Why do computers stop and what can be done about it?

I have no formation in computer science and will forever be catching up on reading classic papers from the field. Bill de hÓra posted a reading list on his blog and I'm taking advantage of it. I've read a few of the papers ("The Law of Leaky Abstractions", "As We May Think") and seen references to others, but some are completely new to me. "Why do computers stop and what can be done about it?" caught my eye. What a title. Jim Gray nailed it.
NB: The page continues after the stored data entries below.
lemma sor_pos_sort_insert: "sor_pos (sort_insert r u c e) = Suc c"
  using colored_permsD[OF sort_insert_in_colored_perms] length_sort_insert nth_sort_insert_max c
  by (intro sor_pos_eqI) auto

lemma sor_e_sort_insert: "sor_e r (sort_insert r u c e) = e"
  using nth_sort_insert_max e unfolding sor_e_def sor_pos_sort_insert
  by (cases "e = 0") auto

lemma sor_step_sort_insert: "sor_step r (sort_insert r u c e) = u"
proof (cases "c = n")
  case True
  then show ?thesis using colored_permsD[OF u]
    unfolding sor_step_def Let_def sor_pos_sort_insert length_sort_insert by (simp add: sort_insert_def)
next
  case False
  have l: "length u = n" using colored_permsD[OF u] by simp
  then have cn: "c < n" using c False by simp
  have col: "snd (u ! c) < r" using colored_permsD[OF u] cn l by (auto simp: nth_mem)
  have last: "sort_insert r u c e ! n = (fst (u ! c), (snd (u ! c) + e) mod r)"
    using False l by (simp add: sort_insert_def nth_append)
  have "sor_step r (sort_insert r u c e) = take n ((sort_insert r u c e)[c := u ! c])"
    unfolding sor_step_def Let_def sor_pos_sort_insert length_sort_insert sor_e_sort_insert
    using cn by (simp add: last add_mod_sub_mod_cancel[OF col e])
  also have "\<dots> = u" using False cn l by (simp add: take_update_swap sort_insert_def)
  finally show ?thesis .
qed

lemma sor_sort_insert: "sor r (sort_insert r u c e) = insert_cost n c e + sor r u"
proof -
  have "sor_cost r (sort_insert r u c e) = insert_cost n c e"
    unfolding sor_cost_def Let_def sor_pos_sort_insert length_sort_insert sor_e_sort_insert insert_cost_def
    using c by auto
  then show ?thesis using sor_Suc[OF length_sort_insert] sor_step_sort_insert by simp
qed

end

lemma bij_betw_sort_insert:
  "bij_betw (\<lambda>(u, c, e). sort_insert r u c e) (colored_perms r n \<times> {..n} \<times> {..<r}) (colored_perms r (Suc n))"
proof -
  let ?T = "colored_perms r n \<times> {..n} \<times> {..<r}"
  let ?f = "\<lambda>(u, c, e). sort_insert r u c e"
  have inj: "inj_on ?f ?T"
    by (rule inj_on_inverseI[where g = "\<lambda>w. (sor_step r w, sor_pos w - 1, sor_e r w)"])
      (auto simp: sor_step_sort_insert sor_pos_sort_insert sor_e_sort_insert)
  have sub: "?f ` ?T \<subseteq> colored_perms r (Suc n)"
    using sort_insert_in_colored_perms by auto
  have "card (?f ` ?T) = card (colored_perms r (Suc n))"
    using card_image[OF inj] bij_betw_same_card[OF bij_betw_insert_max] by simp
  then have "?f ` ?T = colored_perms r (Suc n)"
    using card_subset_eq[OF finite_colored_perms sub] by simp
  then show ?thesis using inj unfolding bij_betw_def by simp
qed
(* Let $\lambda^1,\dots,\lambda^M$ be loss functions such that each $\lambda^m$ is proper and $\eta^m$-mixable for some $\eta^m>0$. Consider the multiobjective game with $N$ experts: $L_0^{(m)}:=0$, $L_0^{n,m}:=0$; at each step $t=1,2,\dots$, each Expert $n$ announces $\gamma_t^n\in[0,1]$, Learner announces $\pi_t\in[0,1]$, Reality announces $\omega_t\in\{0,1\}$, and $L_t^{(m)}:=L_{t-1}^{(m)}+\lambda^m(\pi_t,\omega_t)$, $L_t^{n,m}:=L_{t-1}^{n,m}+\lambda^m(\gamma_t^n,\omega_t)$ for all $n,m$. If Learner follows the defensive forecasting algorithm (described in the context), then for all $t$, all $n=1,\dots,N$ and all $m=1,\dots,M$, $$L_t^{(m)}\le L_t^{n,m}+\frac{\ln(MN)}{\eta^m}.$$
   Context: A loss function is a map $\lambda:[0,1]\times\{0,1\}\to[0,\infty]$ satisfying: (1) $\lambda(\gamma,0)$, $\lambda(\gamma,1)$ continuous in $\gamma\in[0,1]$ (standard topology on $[0,\infty]$); (2) some $\gamma$ has both values finite; (3) no $\gamma$ has both values infinite. Superprediction set: $\Sigma_\lambda=\{(x,y)\in[0,\infty)^2:\exists\gamma\ \lambda(\gamma,0)\le x,\ \lambda(\gamma,1)\le y\}$. $\lambda$ is $\eta$-mixable ($\eta>0$) if $\{(e^{-\eta x},e^{-\eta y}):(x,y)\in\Sigma_\lambda\}$ is convex; proper if $\pi\lambda(\pi,1)+(1-\pi)\lambda(\pi,0)\le\pi\lambda(\pi',1)+(1-\pi)\lambda(\pi',0)$ for all $\pi,\pi'\in[0,1]$. Defensive forecasting algorithm (in this setting): for each pair $(n,m)$ define, after step $t$, $Q^{n,m}_t:=\prod_{s=1}^t\exp\bigl(\eta^m(\lambda^m(\pi_s,\omega_s)-\lambda^m(\gamma_s^n,\omega_s))\bigr)$ (with $Q^{n,m}_0=1$), and $Q_t:=\frac{1}{MN}\sum_{n,m}Q^{n,m}_t$. At step $t$, after reading $\gamma_t^1,\dots,\gamma_t^N$, let $f_t(\pi,\omega)$ be the value $Q_t$ would take if $\pi_t=\pi$ and $\omega_t=\omega$, minus $Q_{t-1}$ (with $\infty-\infty:=0$). If $f_t(0,1)\le0$ predict $\pi_t:=0$; else if $f_t(1,0)\le0$ predict $\pi_t:=1$; otherwise predict any $\pi_t=\pi$ satisfying $f_t(\pi,0)=f_t(\pi,1)$. *)

theory Defs
  imports "HOL-Analysis.Analysis"
begin

(* Outcomes {0,1} are encoded as bool: False = 0, True = 1.
   Loss values in [0,\<infinity>] are encoded as ennreal. *)

type_synonym loss = "real \<Rightarrow> bool \<Rightarrow> ennreal"

definition loss_function :: "loss \<Rightarrow> bool" where
  "loss_function lam \<longleftrightarrow>
     continuous_on {0..1} (\<lambda>g. lam g False) \<and>
     continuous_on {0..1} (\<lambda>g. lam g True) \<and>
     (\<exists>g\<in>{0..1}. lam g False < \<infinity> \<and> lam g True < \<infinity>) \<and>
     \<not> (\<exists>g\<in>{0..1}. lam g False = \<infinity> \<and> lam g True = \<infinity>)"

definition superpred :: "loss \<Rightarrow> (real \<times> real) set" where
  "superpred lam = {(x, y). 0 \<le> x \<and> 0 \<le> y \<and>
     (\<exists>g\<in>{0..1}. lam g False \<le> ennreal x \<and> lam g True \<le> ennreal y)}"

definition mixable :: "real \<Rightarrow> loss \<Rightarrow> bool" where
  "mixable eta lam \<longleftrightarrow> eta > 0 \<and>
     convex ((\<lambda>(x, y). (exp (- eta * x), exp (- eta * y))) ` superpred lam)"

definition proper_loss :: "loss \<Rightarrow> bool" where
  "proper_loss lam \<longleftrightarrow> (\<forall>p\<in>{0..1}. \<forall>p'\<in>{0..1}.
     ennreal p * lam p True + ennreal (1 - p) * lam p False
       \<le> ennreal p * lam p' True + ennreal (1 - p) * lam p' False)"

text \<open>One factor exp(eta (a - b)) of Q, a = Learner's loss, b = Expert's loss,
  with conventions exp(\<infinity>) = \<infinity>, exp(-\<infinity>) = 0, \<infinity> - \<infinity> = 0.\<close>
definition dfactor :: "real \<Rightarrow> ennreal \<Rightarrow> ennreal \<Rightarrow> ennreal" where
  "dfactor eta a b =
     (if a = \<infinity> \<and> b = \<infinity> then 1
      else if b = \<infinity> then 0
      else if a = \<infinity> then \<infinity>
      else ennreal (exp (eta * (enn2real a - enn2real b))))"

text \<open>Q^{n,m}_t and Q_t, as functions of the whole play (Learner's predictions prd,
  outcomes om, expert predictions gam t n).\<close>
definition Qnm :: "(nat \<Rightarrow> loss) \<Rightarrow> (nat \<Rightarrow> real) \<Rightarrow> (nat \<Rightarrow> nat \<Rightarrow> real)
    \<Rightarrow> (nat \<Rightarrow> real) \<Rightarrow> (nat \<Rightarrow> bool) \<Rightarrow> nat \<Rightarrow> nat \<Rightarrow> nat \<Rightarrow> ennreal" where
  "Qnm lam eta gam prd om t n m =
     (\<Prod>s\<in>{1..t}. dfactor (eta m) (lam m (prd s) (om s)) (lam m (gam s n) (om s)))"

definition Qt :: "nat \<Rightarrow> nat \<Rightarrow> (nat \<Rightarrow> loss) \<Rightarrow> (nat \<Rightarrow> real) \<Rightarrow> (nat \<Rightarrow> nat \<Rightarrow> real)
    \<Rightarrow> (nat \<Rightarrow> real) \<Rightarrow> (nat \<Rightarrow> bool) \<Rightarrow> nat \<Rightarrow> ennreal" where
  "Qt M N lam eta gam prd om t =
     ennreal (1 / (real M * real N)) *
       (\<Sum>(n, m)\<in>{1..N} \<times> {1..M}. Qnm lam eta gam prd om t n m)"

definition ediff :: "ennreal \<Rightarrow> ennreal \<Rightarrow> ereal" where
  "ediff a b = (if a = \<infinity> \<and> b = \<infinity> then 0 else enn2ereal a - enn2ereal b)"

definition ft :: "nat \<Rightarrow> nat \<Rightarrow> (nat \<Rightarrow> loss) \<Rightarrow> (nat \<Rightarrow> real) \<Rightarrow> (nat \<Rightarrow> nat \<Rightarrow> real)
    \<Rightarrow> (nat \<Rightarrow> real) \<Rightarrow> (nat \<Rightarrow> bool) \<Rightarrow> nat \<Rightarrow> real \<Rightarrow> bool \<Rightarrow> ereal" where
  "ft M N lam eta gam prd om t p w =
     ediff (Qt M N lam eta gam (prd(t := p)) (om(t := w)) t) (Qt M N lam eta gam prd om (t - 1))"
lemma Dist_argminV_le_riskV_gap:
  assumes sc: "strongly_convex_loss \<mu> L gL"
    and integ: "\<And>f. f \<in> Vspan (m + n) (concat_family m n G G') \<Longrightarrow>
        integrable P (\<lambda>z. L (snd z) (f (fst z))) \<and> integrable P (\<lambda>z. (norm (f (fst z)))\<^sup>2)"
    and min1: "\<exists>f\<in>Vspan m G. \<forall>h\<in>Vspan m G. risk P L f \<le> risk P L h"
    and min2: "\<exists>f\<in>Vspan n G'. \<forall>h\<in>Vspan n G'. risk P L f \<le> risk P L h"
    and min12: "\<exists>f\<in>Vspan (m + n) (concat_family m n G G').
        \<forall>h\<in>Vspan (m + n) (concat_family m n G G'). risk P L f \<le> risk P L h"
  shows "Dist P (argminV P L m G) (argminV P L n G')
    \<le> 4 / \<mu> * (riskV P L m G + riskV P L n G' - 2 * riskV P L (m + n) (concat_family m n G G'))"
proof -
  let ?H = "concat_family m n G G'"
  define f1 where "f1 = argminV P L m G"
  define f2 where "f2 = argminV P L n G'"
  have f1: "f1 \<in> Vspan (m + n) ?H"
    unfolding f1_def by (rule Vspan_shift[where j = 0, OF _ _ argminV_in_Vspan[OF min1]])
      (auto simp: concat_family_def)
  have f2: "f2 \<in> Vspan (m + n) ?H"
    unfolding f2_def by (rule Vspan_shift[where j = m, OF _ _ argminV_in_Vspan[OF min2]])
      (auto simp: concat_family_def)
  have mid: "(\<lambda>x. (1/2) *\<^sub>R f1 x + (1/2) *\<^sub>R f2 x) \<in> Vspan (m + n) ?H"
    and diff: "(\<lambda>x. 1 *\<^sub>R f1 x + (-1) *\<^sub>R f2 x) \<in> Vspan (m + n) ?H"
    using f1 f2 by (rule Vspan_lincomb)+
  have "riskV P L (m + n) ?H \<le> risk P L (\<lambda>x. (1/2) *\<^sub>R f1 x + (1/2) *\<^sub>R f2 x)"
    using argminV_minimal[OF min12 mid] riskV_eq_risk_argminV[OF min12] by simp
  also have "\<dots> \<le> (risk P L f1 + risk P L f2) / 2 - \<mu> / 8 * Dist P f1 f2"
    by (rule risk_midpoint_le[OF sc]) (use integ[OF f1] integ[OF f2] integ[OF mid] integ[OF diff] in auto)
  finally have "riskV P L (m + n) ?H \<le> (risk P L f1 + risk P L f2) / 2 - \<mu> / 8 * Dist P f1 f2" .
  moreover have "risk P L f1 = riskV P L m G" "risk P L f2 = riskV P L n G'"
    unfolding f1_def f2_def by (simp_all add: riskV_eq_risk_argminV min1 min2)
  ultimately show ?thesis
    using sc unfolding f1_def f2_def strongly_convex_loss_def by (simp add: field_simps)
qed

definition shift_family :: "nat \<Rightarrow> nat \<Rightarrow> (nat \<Rightarrow> 'a) \<Rightarrow> nat \<Rightarrow> 'a" where
  "shift_family m n G = (\<lambda>i\<in>{m..<m + n}. G (i - m))"

lemma concat_family_eq_merge:
  "case_prod (concat_family m n) = merge {..<m} {m..<m + n} \<circ> map_prod id (shift_family m n)"
  by (auto simp: fun_eq_iff concat_family_def shift_family_def merge_def)

lemma measurable_shift_family [measurable]:
  "shift_family m n \<in> PiM {..<n} (\<lambda>_. M) \<rightarrow>\<^sub>M PiM {m..<m + n} (\<lambda>_. M)"
  unfolding shift_family_def by (intro measurable_restrict measurable_component_singleton) auto

lemma distr_shift_family_PiM:
  assumes "prob_space M"
  shows "distr (PiM {..<n} (\<lambda>_. M)) (PiM {m..<m + n} (\<lambda>_. M)) (shift_family m n)
    = PiM {m..<m + n} (\<lambda>_. M)"
proof -
  have "inj_on (\<lambda>i. i - m) {m..<m + n}" "(\<lambda>i. i - m) \<in> {m..<m + n} \<rightarrow> {..<n}"
    by (auto simp: inj_on_def)
  then show ?thesis
    unfolding shift_family_def using assms by (intro distr_PiM_reindex)
qed

lemma measurable_merge_blocks:
  fixes m n :: nat
  shows "merge {..<m} {m..<m + n}
    \<in> PiM {..<m} (\<lambda>_. M) \<Otimes>\<^sub>M PiM {m..<m + n} (\<lambda>_. M) \<rightarrow>\<^sub>M PiM {..<m + n} (\<lambda>_. M)"
proof -
  have "{..<m} \<union> {m..<m + n} = {..<m + n}"
    by auto
  then show ?thesis
    using measurable_merge[of "{..<m}" "{m..<m + n}" "\<lambda>_. M"] by simp
qed

lemma measurable_concat_family:
  "case_prod (concat_family m n)
    \<in> PiM {..<m} (\<lambda>_. M) \<Otimes>\<^sub>M PiM {..<n} (\<lambda>_. M) \<rightarrow>\<^sub>M PiM {..<m + n} (\<lambda>_. M)"
proof -
  have "map_prod id (shift_family m n)
      \<in> PiM {..<m} (\<lambda>_. M) \<Otimes>\<^sub>M PiM {..<n} (\<lambda>_. M) \<rightarrow>\<^sub>M PiM {..<m} (\<lambda>_. M) \<Otimes>\<^sub>M PiM {m..<m + n} (\<lambda>_. M)"
    unfolding map_prod_def id_def by measurable
  then show ?thesis
    unfolding concat_family_eq_merge using measurable_merge_blocks by (rule measurable_comp)
qed

lemma distr_concat_family_PiM:
  assumes M: "prob_space M"
  shows "distr (PiM {..<m} (\<lambda>_. M) \<Otimes>\<^sub>M PiM {..<n} (\<lambda>_. M)) (PiM {..<m + n} (\<lambda>_. M))
      (case_prod (concat_family m n))
    = PiM {..<m + n} (\<lambda>_. M)"
proof -
  interpret M: prob_space M by (rule M)
  interpret product_prob_space "\<lambda>_. M" by unfold_locales
  let ?A = "PiM {..<m} (\<lambda>_. M)" and ?B = "PiM {..<n} (\<lambda>_. M)" and ?C = "PiM {m..<m + n} (\<lambda>_. M)"
  have union: "{..<m} \<union> {m..<m + n} = {..<m + n}" and disjoint: "{..<m} \<inter> {m..<m + n} = {}"
    by auto
  have shift: "map_prod id (shift_family m n) \<in> ?A \<Otimes>\<^sub>M ?B \<rightarrow>\<^sub>M ?A \<Otimes>\<^sub>M ?C"
    unfolding map_prod_def id_def by measurable
  have "distr (?A \<Otimes>\<^sub>M ?B) (?A \<Otimes>\<^sub>M ?C) (map_prod id (shift_family m n)) = ?A \<Otimes>\<^sub>M ?C"
    using pair_measure_distr[of "\<lambda>x. x" ?A ?A "shift_family m n" ?B ?C] distr_shift_family_PiM[OF M]
    by (simp add: map_prod_def distr_id prob_space_imp_sigma_finite prob_space_PiM M)
  moreover have "distr (?A \<Otimes>\<^sub>M ?C) (PiM {..<m + n} (\<lambda>_. M)) (merge {..<m} {m..<m + n})
      = PiM {..<m + n} (\<lambda>_. M)"
    using distr_merge[OF disjoint] union by simp
  ultimately show ?thesis
    unfolding concat_family_eq_merge by (simp add: distr_distr[OF measurable_merge_blocks shift, symmetric])
qed

lemma distr_pair_snd:
  assumes M: "prob_space M" and N: "sigma_finite_measure N"
  shows "distr (M \<Otimes>\<^sub>M N) N snd = N"
proof -
  interpret pair_sigma_finite N M
    using M N by (simp add: pair_sigma_finite_def prob_space_imp_sigma_finite)
  have "distr (M \<Otimes>\<^sub>M N) N snd = distr (distr (M \<Otimes>\<^sub>M N) (N \<Otimes>\<^sub>M M) (\<lambda>(x, y). (y, x))) N fst"
    by (subst distr_distr) (auto simp: comp_def split_beta')
  also have "\<dots> = distr (N \<Otimes>\<^sub>M M) N fst"
    by (simp flip: distr_pair_swap)
  also have "\<dots> = N"
    using M by (rule prob_space.distr_pair_fst)
  finally show ?thesis .
qed

lemma
  fixes f :: "'b \<Rightarrow> 'c::{banach, second_countable_topology}"
  assumes T: "T \<in> M \<rightarrow>\<^sub>M N" and distr: "distr M N T = N" and f: "integrable N f"
  shows integrable_measure_preserving: "integrable M (\<lambda>x. f (T x))"
    and integral_measure_preserving: "(\<integral>x. f (T x) \<partial>M) = integral\<^sup>L N f"
proof -
  have f_meas: "f \<in> borel_measurable N"
    using f by simp
  show "integrable M (\<lambda>x. f (T x))"
    using integrable_distr_eq[OF T f_meas] f unfolding distr by simp
  show "(\<integral>x. f (T x) \<partial>M) = integral\<^sup>L N f"
    using integral_distr[OF T f_meas] unfolding distr by simp
qed

lemma
  fixes f :: "'a \<Rightarrow> 'c::{banach, second_countable_topology}"
  assumes N: "prob_space N" and f: "integrable M f"
  shows integrable_pair_fst: "integrable (M \<Otimes>\<^sub>M N) (\<lambda>z. f (fst z))"
    and integral_pair_fst: "(\<integral>z. f (fst z) \<partial>(M \<Otimes>\<^sub>M N)) = integral\<^sup>L M f"
  using integrable_measure_preserving[OF measurable_fst prob_space.distr_pair_fst[OF N] f]
    integral_measure_preserving[OF measurable_fst prob_space.distr_pair_fst[OF N] f] .

lemma
  fixes f :: "'b \<Rightarrow> 'c::{banach, second_countable_topology}"
  assumes M: "prob_space M" and N: "sigma_finite_measure N" and f: "integrable N f"
  shows integrable_pair_snd: "integrable (M \<Otimes>\<^sub>M N) (\<lambda>z. f (snd z))"
    and integral_pair_snd: "(\<integral>z. f (snd z) \<partial>(M \<Otimes>\<^sub>M N)) = integral\<^sup>L N f"
  using integrable_measure_preserving[OF measurable_snd distr_pair_snd[OF M N] f]
    integral_measure_preserving[OF measurable_snd distr_pair_snd[OF M N] f] .

lemma
  fixes f :: "(nat \<Rightarrow> 'a) \<Rightarrow> 'c::{banach, second_countable_topology}"
  assumes M: "prob_space M" and f: "integrable (PiM {..<m + n} (\<lambda>_. M)) f"
  shows integrable_concat_family:
      "integrable (PiM {..<m} (\<lambda>_. M) \<Otimes>\<^sub>M PiM {..<n} (\<lambda>_. M)) (\<lambda>(G, G'). f (concat_family m n G G'))"
    and integral_concat_family:
      "(\<integral>(G, G'). f (concat_family m n G G') \<partial>(PiM {..<m} (\<lambda>_. M) \<Otimes>\<^sub>M PiM {..<n} (\<lambda>_. M)))
        = integral\<^sup>L (PiM {..<m + n} (\<lambda>_. M)) f"
  using integrable_measure_preserving[OF measurable_concat_family distr_concat_family_PiM[OF M] f]
    integral_measure_preserving[OF measurable_concat_family distr_concat_family_PiM[OF M] f]
  by (simp_all add: split_beta')

lemma nn_integral_le_integral:
  assumes g: "integrable M g"
    and nonneg: "\<And>x. x \<in> space M \<Longrightarrow> 0 \<le> f x" and le: "\<And>x. x \<in> space M \<Longrightarrow> f x \<le> g x"
  shows "(\<integral>\<^sup>+x. ennreal (f x) \<partial>M) \<le> ennreal (integral\<^sup>L M g)"
proof -
  have "(\<integral>\<^sup>+x. ennreal (f x) \<partial>M) \<le> (\<integral>\<^sup>+x. ennreal (g x) \<partial>M)"
    by (intro nn_integral_mono ennreal_leI le)
  also have "\<dots> = ennreal (integral\<^sup>L M g)"
    using nonneg le by (intro nn_integral_eq_integral g AE_I2) (blast intro: order_trans)
  finally show ?thesis .
qed

theorem theorem5:
  fixes P :: "('x \<times> 'y) measure"
    and L :: "'y \<Rightarrow> real^'d \<Rightarrow> real"
    and gL :: "'y \<Rightarrow> real^'d \<Rightarrow> real^'d"
    and Q :: "('x \<Rightarrow> real^'d) measure"
    and \<mu> :: real and k :: nat
  assumes "prob_space P" and "prob_space Q"
    and diff: "\<And>y p. (L y has_derivative (\<lambda>h. inner (gL y p) h)) (at p)"
    and cont: "\<And>y. continuous_on UNIV (gL y)"
    and sc: "strongly_convex_loss \<mu> L gL"
    and "k \<ge> 1"
    and integ: "\<And>t G f. (\<forall>i<t. G i \<in> space Q) \<Longrightarrow> f \<in> Vspan t G \<Longrightarrow>
        integrable P (\<lambda>z. L (snd z) (f (fst z))) \<and>
        integrable P (\<lambda>z. (norm (f (fst z)))\<^sup>2)"
    and minex: "\<And>t G. (\<forall>i<t. G i \<in> space Q) \<Longrightarrow>
        \<exists>f\<in>Vspan t G. \<forall>h\<in>Vspan t G. risk P L f \<le> risk P L h"
    and intk: "integrable (PiM {..<k} (\<lambda>_. Q)) (riskV P L k)"
    and int2k: "integrable (PiM {..<2*k} (\<lambda>_. Q)) (riskV P L (2*k))"
  shows "(\<integral>\<^sup>+ GG. ennreal (Dist P (argminV P L k (fst GG)) (argminV P L k (snd GG)))
            \<partial>(PiM {..<k} (\<lambda>_. Q) \<Otimes>\<^sub>M PiM {..<k} (\<lambda>_. Q)))
         \<le> ennreal (8 / \<mu> * (Rbar P L Q k - Rbar P L Q (2*k)))"
proof -
  let ?M = "PiM {..<k} (\<lambda>_. Q)"
  have prob_M: "prob_space ?M"
    by (simp add: prob_space_PiM \<open>prob_space Q\<close>)
  have in_space: "\<forall>i<t. G i \<in> space Q" if "G \<in> space (PiM {..<t} (\<lambda>_. Q))" for t G
    using that by (auto simp: space_PiM)
  define gap where "gap = (\<lambda>(G, G').
    4 / \<mu> * (riskV P L k G + riskV P L k G' - 2 * riskV P L (k + k) (concat_family k k G G')))"
  have bound: "Dist P (argminV P L k G) (argminV P L k G') \<le> gap (G, G')"
    if "(G, G') \<in> space (?M \<Otimes>\<^sub>M ?M)" for G G'
  proof -
    have "G \<in> space ?M" "G' \<in> space ?M" "concat_family k k G G' \<in> space (PiM {..<k + k} (\<lambda>_. Q))"
      using that measurable_space[OF measurable_concat_family that] by (auto simp: space_pair_measure)
    then show ?thesis
      unfolding gap_def prod.case by (intro Dist_argminV_le_riskV_gap[OF sc integ minex minex minex] in_space)
  qed
  have gap_int: "integrable (?M \<Otimes>\<^sub>M ?M) gap"
    and gap_val: "integral\<^sup>L (?M \<Otimes>\<^sub>M ?M) gap = 8 / \<mu> * (Rbar P L Q k - Rbar P L Q (2*k))"
    using integrable_pair_fst[OF prob_M intk] integral_pair_fst[OF prob_M intk]
      integrable_pair_snd[OF prob_M prob_space_imp_sigma_finite[OF prob_M] intk]
      integral_pair_snd[OF prob_M prob_space_imp_sigma_finite[OF prob_M] intk]
      integrable_concat_family[OF \<open>prob_space Q\<close> int2k[unfolded mult_2]]
      integral_concat_family[OF \<open>prob_space Q\<close> int2k[unfolded mult_2]]
    unfolding gap_def Rbar_def mult_2 by (simp_all add: split_beta' algebra_simps)
  show ?thesis
    unfolding gap_val[symmetric]
    by (rule nn_integral_le_integral[OF gap_int]) (simp add: Dist_def, simp add: split_paired_all bound)
qed

end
The paper outlines a playbook for highly available computer software systems in general terms. Gray wrote it for all software engineers, not only for users of a particular language or product. I didn't know that concepts like failing fast, shared nothing, heisenbugs, and fail over were established 30 years ago. I found the description of them from the time that they were fresh fascinating. Gray wrote this paper in a simple and straightforward style and I'm grateful for that. I've read a number of AWS product sheets this week and they are opaque in comparison. Do AWS Glue or Step Functions use strategies from Gray's playbook? Do they operate on different principles? It's difficult to tell.

I remember well the search for Jim Gray when he went missing at sea in 2007. I didn't plan to write a blog post about one of his papers on the 12th anniversary of his disappearance, but that's what has happened. Read the paper if you haven't, I almost guarantee that you'll find at least a few interesting insights and rules of thumb.